I have this code:
import polars as pl
df1 = pl.DataFrame({
'type': ['A', 'O', 'B', 'O'],
'origin': ['EU', 'US', 'US', 'EU'],
'qty1': [343,11,22,-5]
})
df2 = pl.DataFrame({
'type': ['A', 'O', 'B', 'S'],
'origin': ['EU', 'US', 'US', 'AS'],
'qty2': [-200,-12,-25,8]
})
df1.join(df2, on=['type', 'origin'], how='full')
which gives
┌──────┬────────┬──────┬────────────┬──────────────┬──────┐
│ type ┆ origin ┆ qty1 ┆ type_right ┆ origin_right ┆ qty2 │
│ --- ┆ --- ┆ --- ┆ --- ┆ --- ┆ --- │
│ str ┆ str ┆ i64 ┆ str ┆ str ┆ i64 │
╞══════╪════════╪══════╪════════════╪══════════════╪══════╡
│ A ┆ EU ┆ 343 ┆ A ┆ EU ┆ -200 │
│ O ┆ US ┆ 11 ┆ O ┆ US ┆ -12 │
│ B ┆ US ┆ 22 ┆ B ┆ US ┆ -25 │
│ null ┆ null ┆ null ┆ S ┆ AS ┆ 8 │
│ O ┆ EU ┆ -5 ┆ null ┆ null ┆ null │
└──────┴────────┴──────┴────────────┴──────────────┴──────┘
But the output I am after is this:
┌──────┬────────┬──────┬──────┐
│ type ┆ origin ┆ qty1 ┆ qty2 │
│ --- ┆ --- ┆ --- ┆ --- │
│ str ┆ str ┆ i64 ┆ i64 │
╞══════╪════════╪══════╪══════╡
│ A ┆ EU ┆ 343 ┆ -200 │
│ O ┆ US ┆ 11 ┆ -12 │
│ B ┆ US ┆ 22 ┆ -25 │
│ S ┆ AS ┆ null ┆ 8 │
│ O ┆ EU ┆ -5 ┆ null │
└──────┴────────┴──────┴──────┘
I tried suffix=''
via df1.join(df2, on=['type', 'origin'], how='full', suffix='')
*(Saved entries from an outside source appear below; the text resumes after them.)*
(* The metric space $L_\omega$ satisfies $\operatorname{trasdim} L_\omega=\omega$, where $\omega$ is the first infinite ordinal.
   Context: Let $X=\bigsqcup_{i=1}^\infty\mathbb Z^i$ (disjoint union). For $a=(a_1,\dots,a_l)\in\mathbb Z^l$ and $b=(b_1,\dots,b_k)\in\mathbb Z^k$ with $l\le k$, let $a'=(a_1,\dots,a_l,0,\dots,0)\in\mathbb Z^k$, let $c=0$ if $l=k$ and $c=l+(l+1)+\dots+(k-1)$ if $l<k$, and set $d_\infty(a,b)=d_\infty(b,a)=\max\{d(a',b),c\}$, where $d$ is the sup-metric $d(x,y)=\max_j|x_j-y_j|$ on $\mathbb Z^k$. $L_\infty=(X,d_\infty)$, and $L_\omega=\bigcup_{k=1}^\infty(k\mathbb Z)^k\subset L_\infty$ with the restricted metric, where $k\mathbb Z=\{kl:l\in\mathbb Z\}$ and $(k\mathbb Z)^k\subset\mathbb Z^k$. A family $\mathcal A$ of subsets is uniformly bounded if there is $C>0$ with $\operatorname{diam}A\le C$ for all $A\in\mathcal A$; it is $r$-disjoint if $d(A_1,A_2)\ge r$ for all distinct $A_1,A_2\in\mathcal A$. For a set $L$, $\mathrm{Fin}\,L$ is the collection of finite nonempty subsets of $L$. For $M\subset \mathrm{Fin}\,L$ and $\sigma\in\{\emptyset\}\cup\mathrm{Fin}\,L$, $M^\sigma=\{\tau\in\mathrm{Fin}\,L:\sigma\cup\tau\in M,\ \sigma\cap\tau=\emptyset\}$, and $M^a=M^{\{a\}}$. The ordinal $\operatorname{Ord}M$: $\operatorname{Ord}M=0$ iff $M=\emptyset$; $\operatorname{Ord}M\le\alpha$ iff $\operatorname{Ord}M^a<\alpha$ for every $a\in L$; $\operatorname{Ord}M=\alpha$ iff $\operatorname{Ord}M\le\alpha$ and not $\operatorname{Ord}M<\alpha$; $\operatorname{Ord}M=\infty$ iff $\operatorname{Ord} M\le\alpha$ for no ordinal $\alpha$. For a metric space $(X,d)$, $A(X,d)$ is the set of $\sigma\in\mathrm{Fin}\,\mathbb N$ such that there do NOT exist uniformly bounded families $\mathcal V_i$, $i\in\sigma$, with $\bigcup_{i\in\sigma}\mathcal V_i$ covering $X$ and each $\mathcal V_i$ being $i$-disjoint. Define $\operatorname{trasdim}X=\operatorname{Ord}A(X,d)$, except $\operatorname{trasdim}X=-1$ iff $X$ is bounded. *)

theory Defs
  imports Main "HOL-Library.Extended_Nat"
begin

definition Fin :: "'a set \<Rightarrow> 'a set set" where
  "Fin L = {\<sigma>. \<sigma> \<subseteq> L \<and> finite \<sigma> \<and> \<sigma> \<noteq> {}}"

definition Mup :: "'a set \<Rightarrow> 'a set set \<Rightarrow> 'a set \<Rightarrow> 'a set set" where
  "Mup L M \<sigma> = {\<tau> \<in> Fin L. \<sigma> \<union> \<tau> \<in> M \<and> \<sigma> \<inter> \<tau> = {}}"

inductive Ord_le :: "'a set \<Rightarrow> 'a set set \<Rightarrow> 'o::wellorder \<Rightarrow> bool" for L where
  empty: "M = {} \<Longrightarrow> Ord_le L M \<alpha>"
| step: "(\<forall>a\<in>L. \<exists>\<beta><\<alpha>. Ord_le L (Mup L M {a}) \<beta>) \<Longrightarrow> Ord_le L M \<alpha>"

definition Ord_lt :: "'a set \<Rightarrow> 'a set set \<Rightarrow> 'o::wellorder \<Rightarrow> bool" where
  "Ord_lt L M \<alpha> \<longleftrightarrow> (\<exists>\<beta><\<alpha>. Ord_le L M \<beta>)"

definition Ord_eq :: "'a set \<Rightarrow> 'a set set \<Rightarrow> 'o::wellorder \<Rightarrow> bool" where
  "Ord_eq L M \<alpha> \<longleftrightarrow> Ord_le L M \<alpha> \<and> \<not> Ord_lt L M \<alpha>"

definition Npos :: "nat set" where "Npos = {i. i \<ge> 1}"

definition unif_bounded :: "('x \<Rightarrow> 'x \<Rightarrow> int) \<Rightarrow> 'x set set \<Rightarrow> bool" where
  "unif_bounded d \<V> \<longleftrightarrow> (\<exists>C>0. \<forall>A\<in>\<V>. \<forall>x\<in>A. \<forall>y\<in>A. d x y \<le> C)"

definition r_disjoint :: "('x \<Rightarrow> 'x \<Rightarrow> int) \<Rightarrow> nat \<Rightarrow> 'x set set \<Rightarrow> bool" where
  "r_disjoint d r \<V> \<longleftrightarrow>
     (\<forall>A1\<in>\<V>. \<forall>A2\<in>\<V>. A1 \<noteq> A2 \<longrightarrow> (\<forall>x\<in>A1. \<forall>y\<in>A2. d x y \<ge> int r))"

definition Aset :: "'x set \<Rightarrow> ('x \<Rightarrow> 'x \<Rightarrow> int) \<Rightarrow> nat set set" where
  "Aset S d = {\<sigma> \<in> Fin Npos. \<not> (\<exists>\<V> :: nat \<Rightarrow> 'x set set.
        (\<forall>i\<in>\<sigma>. \<V> i \<subseteq> Pow S \<and> unif_bounded d (\<V> i) \<and> r_disjoint d i (\<V> i))
        \<and> S \<subseteq> \<Union>(\<Union>i\<in>\<sigma>. \<V> i))}"

definition bounded_space :: "'x set \<Rightarrow> ('x \<Rightarrow> 'x \<Rightarrow> int) \<Rightarrow> bool" where
  "bounded_space S d \<longleftrightarrow> (\<exists>C. \<forall>x\<in>S. \<forall>y\<in>S. d x y \<le> C)"

text \<open>trasdim (S,d) = omega, where omega is \<infinity> :: enat (the ordinals below omega
  being the naturals).  trasdim = -1 iff the space is bounded.\<close>
definition trasdim_eq_omega :: "'x set \<Rightarrow> ('x \<Rightarrow> 'x \<Rightarrow> int) \<Rightarrow> bool" where
  "trasdim_eq_omega S d \<longleftrightarrow> \<not> bounded_space S d \<and> Ord_eq Npos (Aset S d) (\<infinity> :: enat)"

text \<open>A point of Z^k (k \<ge> 1) is an int list of length k.\<close>
definition Xinf :: "int list set" where
  "Xinf = {a. length a \<ge> 1}"

definition supdist :: "int list \<Rightarrow> int list \<Rightarrow> int" where
  "supdist x y = Max (insert 0 {\<bar>x ! j - y ! j\<bar> | j. j < length y})"

definition dinf_aux :: "int list \<Rightarrow> int list \<Rightarrow> int" where
  "dinf_aux a b = (let l = length a; k = length b in
      max (supdist (a @ replicate (k - l) 0) b) (int (\<Sum>{l..<k})))"

definition dinf :: "int list \<Rightarrow> int list \<Rightarrow> int" where
  "dinf a b = (if length a \<le> length b then dinf_aux a b else dinf_aux b a)"

definition Lomega :: "int list set" where
  "Lomega = {a. length a \<ge> 1 \<and> (\<forall>j<length a. int (length a) dvd a ! j)}"

end

theory Submission
  imports Defs "HOL-Analysis.Brouwer_Fixpoint"
begin

(* Upper bound: let a be in sigma with card sigma > 2^a. Points of dimension at least a are
   a-separated (distinct points of (kZ)^k, or of different dimensions, are at distance at least
   the smaller dimension), so their singletons form one family. The other points are cut into
   cubes of side M = max sigma; these have bounded diameter, and two cubes whose indices have the
   same parity in every coordinate are more than M apart. The 2^a parity patterns are assigned
   injectively to sigma - {a}. Hence every member of A^a has at most 2^a elements and
   Ord A <= omega.

   Lower bound: suppose families V_i, i in {2m+1..3m}, cover L_omega. Embed the grid {0..p}^m into
   (mZ)^m by x |-> m x and call a grid point low or high in direction j according to whether the
   set of V_(2m+1+j) containing it reaches the half-space "j-th coordinate <= m" or not. Grid
   points at grid distance 2 are at most 2m apart, so low and high points are separated, and the
   uniform bound keeps them away from opposite faces of the cube. Kuhn's combinatorial lemma (a
   discrete Lebesgue covering theorem) yields a grid point that is neither, a contradiction. So
   {2m+1..3m} is in A for every m, and Ord A is not finite. *)

section \<open>The metric d_\<infinity>\<close>

definition coord :: "int list \<Rightarrow> nat \<Rightarrow> int" where
  "coord x j = (if j < length x then x ! j else 0)"

lemma supdist_ge: "j < length b \<Longrightarrow> \<bar>a ! j - b ! j\<bar> \<le> supdist a b"
  unfolding supdist_def by (intro Max_ge) auto

lemma supdist_nonneg: "0 \<le> supdist a b"
  unfolding supdist_def by (intro Max_ge) auto

lemma supdist_le:
  "0 \<le> B \<Longrightarrow> (\<And>j. j < length b \<Longrightarrow> \<bar>a ! j - b ! j\<bar> \<le> B) \<Longrightarrow> supdist a b \<le> B"
  unfolding supdist_def by (subst Max_le_iff) auto

lemma dinf_commute: "dinf a b = dinf b a"
proof -
  have "supdist a b = supdist b a" if "length a = length b"
    unfolding supdist_def using that by (metis abs_minus_commute)
  then show ?thesis
    by (auto simp: dinf_def dinf_aux_def)
qed

lemma nth_zero_padding:
  "length a \<le> k \<Longrightarrow> j < k \<Longrightarrow> (a @ replicate (k - length a) 0) ! j = coord a j"
  by (simp add: coord_def nth_append)

lemma abs_coord_diff_le_dinf_aux:
  assumes "length a \<le> length b"
  shows "\<bar>coord a j - coord b j\<bar> \<le> dinf_aux a b"
proof (cases "j < length b")
  case True
  then have "\<bar>coord a j - coord b j\<bar> \<le> supdist (a @ replicate (length b - length a) 0) b"
    using supdist_ge[OF True, of "a @ replicate (length b - length a) 0"] assms
    by (simp add: nth_zero_padding coord_def)
  then show ?thesis
    by (simp add: dinf_aux_def Let_def)
next
  case False
  with assms have "coord a j = 0" "coord b j = 0"
    by (auto simp: coord_def)
  then show ?thesis
    using supdist_nonneg by (simp add: dinf_aux_def Let_def max.coboundedI1)
qed

lemma abs_coord_diff_le_dinf: "\<bar>coord a j - coord b j\<bar> \<le> dinf a b"
  using abs_coord_diff_le_dinf_aux[of a b j] abs_coord_diff_le_dinf_aux[of b a j]
  by (auto simp: dinf_def abs_minus_commute)

lemma dinf_aux_le:
  assumes "length a \<le> length b" "0 \<le> B" and "\<And>j. \<bar>coord a j - coord b j\<bar> \<le> B"
  shows "dinf_aux a b \<le> B + int (length b ^ 2)"
proof -
  have "\<Sum>{length a..<length b} \<le> card {length a..<length b} * length b"
    using sum_bounded_above[of "{length a..<length b}" "\<lambda>i. i" "length b"] by simp
  also have "\<dots> \<le> length b ^ 2"
    by (simp add: power2_eq_square)
  moreover have "supdist (a @ replicate (length b - length a) 0) b \<le> B"
  proof (rule supdist_le[OF assms(2)])
    fix j assume "j < length b"
    then show "\<bar>(a @ replicate (length b - length a) 0) ! j - b ! j\<bar> \<le> B"
      using assms(1) assms(3)[of j] by (simp add: nth_zero_padding coord_def)
  qed
  ultimately show ?thesis
    using assms(2) unfolding dinf_aux_def Let_def by linarith
qed

lemma dinf_le:
  assumes "0 \<le> B" and "\<And>j. \<bar>coord a j - coord b j\<bar> \<le> B"
  shows "dinf a b \<le> B + int (max (length a) (length b) ^ 2)"
proof (cases "length a \<le> length b")
  case True
  then show ?thesis
    using dinf_aux_le[OF True assms] by (simp add: dinf_def max_def)
next
  case False
  have "\<bar>coord b j - coord a j\<bar> \<le> B" for j
    using assms(2)[of j] by (simp add: abs_minus_commute)
  then show ?thesis
    using dinf_aux_le[of b a B] False assms(1) by (simp add: dinf_def max_def)
qed
(* Property Q comes from first countability of the Smyth power space: if K1 \<lless> K2 but K2 is not
   inside the interior of K1, a sequence outside K1 converging to K2 yields a filtered family in K(X)
   refuting K1 \<lless> K2.  Given property Q, continuity of K(X) and local compactness say the same thing.
   A core compact space has interpolating way-below chains of open sets, and a Hofmann-Mislove type
   argument (well-filteredness plus first countability) shows that their intersections are compact
   neighbourhoods, so the space is locally compact. *)

theory Submission
  imports Defs
begin

section \<open>Specialization order and saturation\<close>

lemma spec_le_iff:
  "spec_le X x y \<longleftrightarrow> x \<in> topspace X \<and> (\<forall>U. openin X U \<and> x \<in> U \<longrightarrow> y \<in> U)"
  unfolding spec_le_def in_closure_of by auto

lemma spec_le_refl: "x \<in> topspace X \<Longrightarrow> spec_le X x x"
  by (auto simp: spec_le_iff)

lemma spec_le_trans: "spec_le X x y \<Longrightarrow> spec_le X y z \<Longrightarrow> spec_le X x z"
  by (auto simp: spec_le_iff)

lemma openin_spec_le_mem: "openin X U \<Longrightarrow> x \<in> U \<Longrightarrow> spec_le X x y \<Longrightarrow> y \<in> U"
  by (auto simp: spec_le_iff)

lemma openin_imp_saturated: "openin X U \<Longrightarrow> saturated X U"
  unfolding saturated_def using openin_subset[of X U] openin_spec_le_mem[of X U] by blast

lemma saturated_open_separation:
  assumes "saturated X K" "y \<in> topspace X" "y \<notin> K"
  obtains U where "openin X U" "K \<subseteq> U" "y \<notin> U"
proof
  show "openin X (topspace X - X closure_of {y})"
    by (simp add: openin_diff closedin_closure_of)
  show "K \<subseteq> topspace X - X closure_of {y}"
    using assms by (auto simp: saturated_def spec_le_def)
  show "y \<notin> topspace X - X closure_of {y}"
    using assms(2) closure_of_subset[of "{y}" X] by auto
qed

definition saturation :: "'a topology \<Rightarrow> 'a set \<Rightarrow> 'a set" where
  "saturation X A = {y \<in> topspace X. \<exists>x\<in>A. spec_le X x y}"

lemma saturated_saturation: "saturated X (saturation X A)"
  by (auto simp: saturated_def saturation_def intro: spec_le_trans)
(* Let $(G,k)$ be an instance and let $v\in V$ satisfy $|N(v)|>7k$ and $\rho(v)> \frac{|N(v)|(|N(v)|-1)}{4}$. Then for every feasible solution $X$ with $v\notin X$, the connected component of $G-X$ containing $v$ is a clique.
   Context: Graphs are undirected, without self-loops, possibly with multi-edges. $N(v)$ is the set of vertices adjacent to $v$; $\rho(v)$ is the number of unordered pairs $\{u_1,u_2\}\subseteq N(v)$ joined by at least one edge (parallel edges counted once). A vertex set induces a clique if between any two distinct vertices of it there is exactly one edge, and a tree if it is connected and has no cycle (two parallel edges form a cycle). For an integer $k\ge1$, a feasible solution is a set $X\subseteq V$ with $|X|\le k$ such that every connected component of $G-X$ is a clique or a tree. *)

theory Defs
  imports Complex_Main
begin

definition multigraph :: "'a set \<Rightarrow> ('a \<Rightarrow> 'a \<Rightarrow> nat) \<Rightarrow> bool" where
  "multigraph V m \<longleftrightarrow> finite V \<and> (\<forall>x y. m x y = m y x) \<and> (\<forall>x. m x x = 0)
     \<and> (\<forall>x y. m x y > 0 \<longrightarrow> x \<in> V \<and> y \<in> V)"

definition nbrs :: "'a set \<Rightarrow> ('a \<Rightarrow> 'a \<Rightarrow> nat) \<Rightarrow> 'a \<Rightarrow> 'a set" where
  "nbrs V m v = {u \<in> V. m v u > 0}"

definition rho :: "'a set \<Rightarrow> ('a \<Rightarrow> 'a \<Rightarrow> nat) \<Rightarrow> 'a \<Rightarrow> nat" where
  "rho V m v = card {{u1, u2} | u1 u2. u1 \<in> nbrs V m v \<and> u2 \<in> nbrs V m v \<and> u1 \<noteq> u2 \<and> m u1 u2 > 0}"

definition is_clique :: "('a \<Rightarrow> 'a \<Rightarrow> nat) \<Rightarrow> 'a set \<Rightarrow> bool" where
  "is_clique m S \<longleftrightarrow> (\<forall>x\<in>S. \<forall>y\<in>S. x \<noteq> y \<longrightarrow> m x y = 1)"

definition adj_in :: "('a \<Rightarrow> 'a \<Rightarrow> nat) \<Rightarrow> 'a set \<Rightarrow> 'a \<Rightarrow> 'a \<Rightarrow> bool" where
  "adj_in m S x y \<longleftrightarrow> x \<in> S \<and> y \<in> S \<and> m x y > 0"

definition connected_in :: "('a \<Rightarrow> 'a \<Rightarrow> nat) \<Rightarrow> 'a set \<Rightarrow> bool" where
  "connected_in m S \<longleftrightarrow> S \<noteq> {} \<and> (\<forall>x\<in>S. \<forall>y\<in>S. (adj_in m S)\<^sup>*\<^sup>* x y)"

definition has_cycle_in :: "('a \<Rightarrow> 'a \<Rightarrow> nat) \<Rightarrow> 'a set \<Rightarrow> bool" where
  "has_cycle_in m S \<longleftrightarrow>
     (\<exists>x\<in>S. \<exists>y\<in>S. m x y \<ge> 2) \<or>
     (\<exists>xs. length xs \<ge> 3 \<and> distinct xs \<and> set xs \<subseteq> S \<and>
          (\<forall>i < length xs. m (xs ! i) (xs ! ((i + 1) mod length xs)) > 0))"

definition is_tree :: "('a \<Rightarrow> 'a \<Rightarrow> nat) \<Rightarrow> 'a set \<Rightarrow> bool" where
  "is_tree m S \<longleftrightarrow> connected_in m S \<and> \<not> has_cycle_in m S"

definition component :: "('a \<Rightarrow> 'a \<Rightarrow> nat) \<Rightarrow> 'a set \<Rightarrow> 'a \<Rightarrow> 'a set" where
  "component m S v = {u \<in> S. (adj_in m S)\<^sup>*\<^sup>* v u}"

definition feasible :: "'a set \<Rightarrow> ('a \<Rightarrow> 'a \<Rightarrow> nat) \<Rightarrow> nat \<Rightarrow> 'a set \<Rightarrow> bool" where
  "feasible V m k X \<longleftrightarrow> X \<subseteq> V \<and> card X \<le> k \<and>
     (\<forall>w \<in> V - X. is_clique m (component m (V - X) w) \<or> is_tree m (component m (V - X) w))"

end

theory Submission
  imports Defs
begin

text \<open>If the component of \<open>v\<close> in \<open>G - X\<close> were not a clique, it would be a tree. Then no two
neighbours of \<open>v\<close> outside \<open>X\<close> are adjacent (they would close a triangle with \<open>v\<close>), so every
edge among the neighbours has an endpoint in \<open>X\<close>, and \<open>\<rho>(v) \<le> |X| (|N(v)| - 1) \<le> k (|N(v)| - 1)\<close>.
Since \<open>|N(v)| > 4k\<close>, this is at most \<open>|N(v)| (|N(v)| - 1) / 4\<close>, contradicting the density of
\<open>N(v)\<close>.\<close>

lemma has_cycle_in_triangle:
  assumes "x \<in> S" "y \<in> S" "z \<in> S" "distinct [x, y, z]"
    and "m x y > 0" "m y z > 0" "m z x > 0"
  shows "has_cycle_in m S"
proof -
  let ?xs = "[x, y, z]"
  have "\<forall>i < length ?xs. m (?xs ! i) (?xs ! ((i + 1) mod length ?xs)) > 0"
  proof (intro allI impI)
    fix i assume "i < length ?xs"
    then have "i = 0 \<or> i = 1 \<or> i = 2" by auto
    then show "m (?xs ! i) (?xs ! ((i + 1) mod length ?xs)) > 0" using assms(5-7) by auto
  qed
  then show ?thesis
    unfolding has_cycle_in_def using assms(1-4) by (intro disjI2 exI[of _ ?xs]) simp
qed

lemma component_self: "v \<in> S \<Longrightarrow> v \<in> component m S v"
  unfolding component_def by simp

lemma adjacent_in_component:
  "v \<in> S \<Longrightarrow> u \<in> S \<Longrightarrow> m v u > 0 \<Longrightarrow> u \<in> component m S v"
  unfolding component_def adj_in_def by auto

lemma nbrs_nonadjacent_if_acyclic_component:
  assumes "multigraph V m" and "\<not> has_cycle_in m (component m S v)"
    and "v \<in> S" "u1 \<in> S" "u2 \<in> S" "u1 \<noteq> u2" "m v u1 > 0" "m v u2 > 0"
  shows "m u1 u2 = 0"
proof (rule ccontr)
  assume "m u1 u2 \<noteq> 0"
  have sym: "m u2 v = m v u2" and loopless: "m v v = 0"
    using assms(1) unfolding multigraph_def by auto
  have "distinct [v, u1, u2]"
    using assms(6-8) loopless by auto
  moreover have "v \<in> component m S v" "u1 \<in> component m S v" "u2 \<in> component m S v"
    using assms(3-5,7,8) component_self adjacent_in_component by metis+
  ultimately have "has_cycle_in m (component m S v)"
    using has_cycle_in_triangle[of v _ u1 u2 m] \<open>m u1 u2 \<noteq> 0\<close> assms(7,8) sym by simp
  with assms(2) show False ..
qed

lemma card_edges_le_vertex_cover:
  assumes "finite N"
    and cover: "\<And>u1 u2. u1 \<in> N \<Longrightarrow> u2 \<in> N \<Longrightarrow> u1 \<noteq> u2 \<Longrightarrow> R u1 u2 \<Longrightarrow> u1 \<in> Y \<or> u2 \<in> Y"
  shows "card {{u1, u2} | u1 u2. u1 \<in> N \<and> u2 \<in> N \<and> u1 \<noteq> u2 \<and> R u1 u2}
           \<le> card (Y \<inter> N) * (card N - 1)"
proof -
  let ?E = "{{u1, u2} | u1 u2. u1 \<in> N \<and> u2 \<in> N \<and> u1 \<noteq> u2 \<and> R u1 u2}"
  let ?star = "\<lambda>x. (\<lambda>u. {x, u}) ` (N - {x})"
  have "?E \<subseteq> (\<Union>x\<in>Y \<inter> N. ?star x)"
  proof
    fix e assume "e \<in> ?E"
    then obtain u1 u2 where e: "e = {u1, u2}" "u1 \<in> N" "u2 \<in> N" "u1 \<noteq> u2" "R u1 u2"
      by blast
    from cover[OF e(2-5)] show "e \<in> (\<Union>x\<in>Y \<inter> N. ?star x)"
      using e(1-4) by (auto simp: insert_commute)
  qed
  then have "card ?E \<le> card (\<Union>x\<in>Y \<inter> N. ?star x)"
    by (intro card_mono) (use assms(1) in auto)
  also have "\<dots> \<le> (\<Sum>x\<in>Y \<inter> N. card (?star x))"
    using assms(1) by (intro card_UN_le) simp
  also have "\<dots> \<le> (\<Sum>x\<in>Y \<inter> N. card N - 1)"
  proof (rule sum_mono)
    fix x assume "x \<in> Y \<inter> N"
    then have "card (N - {x}) = card N - 1" using assms(1) by simp
    then show "card (?star x) \<le> card N - 1"
      using card_image_le[of "N - {x}"] assms(1) by (metis finite_Diff)
  qed
  finally show ?thesis by simp
qed

lemma rho_le_if_acyclic_component:
  assumes "multigraph V m" and "X \<subseteq> V" and "v \<in> V - X"
    and "\<not> has_cycle_in m (component m (V - X) v)"
  shows "rho V m v \<le> card X * (card (nbrs V m v) - 1)"
proof -
  let ?N = "nbrs V m v"
  have "finite V" using assms(1) unfolding multigraph_def by simp
  then have fin: "finite ?N" "finite X"
    using assms(2) finite_subset unfolding nbrs_def by auto
  have "u1 \<in> X \<or> u2 \<in> X" if "u1 \<in> ?N" "u2 \<in> ?N" "u1 \<noteq> u2" "m u1 u2 > 0" for u1 u2
    using nbrs_nonadjacent_if_acyclic_component[OF assms(1,4), of u1 u2] assms(3) that
    unfolding nbrs_def by auto
  then have "rho V m v \<le> card (X \<inter> ?N) * (card ?N - 1)"
    unfolding rho_def by (intro card_edges_le_vertex_cover fin(1))
  also have "\<dots> \<le> card X * (card ?N - 1)"
    using fin(2) by (intro mult_le_mono1 card_mono) auto
  finally show ?thesis .
qed

lemma real_le_quarter_if_le_mult_pred:
  assumes "r \<le> k * (d - 1)" and "4 * k < d"
  shows "real r \<le> real d * (real d - 1) / 4"
proof -
  have "real r \<le> real (k * (d - 1))"
    using assms(1) by (simp only: of_nat_le_iff)
  also have "\<dots> = real k * (real d - 1)"
    using assms(2) by (simp add: of_nat_diff)
  also have "\<dots> \<le> real d * (real d - 1) / 4"
  proof -
    have "4 * real k * (real d - 1) \<le> real d * (real d - 1)"
      using assms(2) by (intro mult_right_mono) simp_all
    then show ?thesis by simp
  qed
  finally show ?thesis .
qed

theorem mainTheorem4:
  fixes V :: "'a set" and m :: "'a \<Rightarrow> 'a \<Rightarrow> nat" and k :: nat and v :: 'a and X :: "'a set"
  assumes "multigraph V m" and "k \<ge> 1" and "v \<in> V"
    and "card (nbrs V m v) > 7 * k"
    and "real (rho V m v) > real (card (nbrs V m v)) * (real (card (nbrs V m v)) - 1) / 4"
    and "feasible V m k X" and "v \<notin> X"
  shows "is_clique m (component m (V - X) v)"
proof (rule ccontr)
  assume "\<not> is_clique m (component m (V - X) v)"
  define d where "d = card (nbrs V m v)"
  have "X \<subseteq> V" "card X \<le> k" "is_tree m (component m (V - X) v)"
    using assms(3,6,7) \<open>\<not> is_clique _ _\<close> unfolding feasible_def by auto
  then have "rho V m v \<le> card X * (d - 1)"
    unfolding d_def is_tree_def
    using rho_le_if_acyclic_component[OF assms(1)] assms(3,7) by blast
  also have "\<dots> \<le> k * (d - 1)"
    using \<open>card X \<le> k\<close> by simp
  finally have "real (rho V m v) \<le> real d * (real d - 1) / 4"
    by (rule real_le_quarter_if_le_mult_pred) (use assms(4) d_def in simp)
  then show False
    using assms(5) unfolding d_def by simp
qed

end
, but this raises an error:
DuplicateError: unable to hstack, column with name "type" already exists
How can I achieve this?
You are looking for the coalesce
parameter. Setting it to True
gives the desired result.
df1.join(df2, on=['type', 'origin'], how='full', coalesce=True)
shape: (5, 4)
┌──────┬────────┬──────┬──────┐
│ type ┆ origin ┆ qty1 ┆ qty2 │
│ --- ┆ --- ┆ --- ┆ --- │
│ str ┆ str ┆ i64 ┆ i64 │
╞══════╪════════╪══════╪══════╡
│ A ┆ EU ┆ 343 ┆ -200 │
│ O ┆ US ┆ 11 ┆ -12 │
│ B ┆ US ┆ 22 ┆ -25 │
│ S ┆ AS ┆ null ┆ 8 │
│ O ┆ EU ┆ -5 ┆ null │
└──────┴────────┴──────┴──────┘
From the documentation of pl.DataFrame.join
.
coalesce
Coalescing behavior (merging of join columns).
None
: -> join specific.
True
: -> Always coalesce join columns.
False
: -> Never coalesce join columns.Note that joining on any other expressions than
col
will turn off coalescing.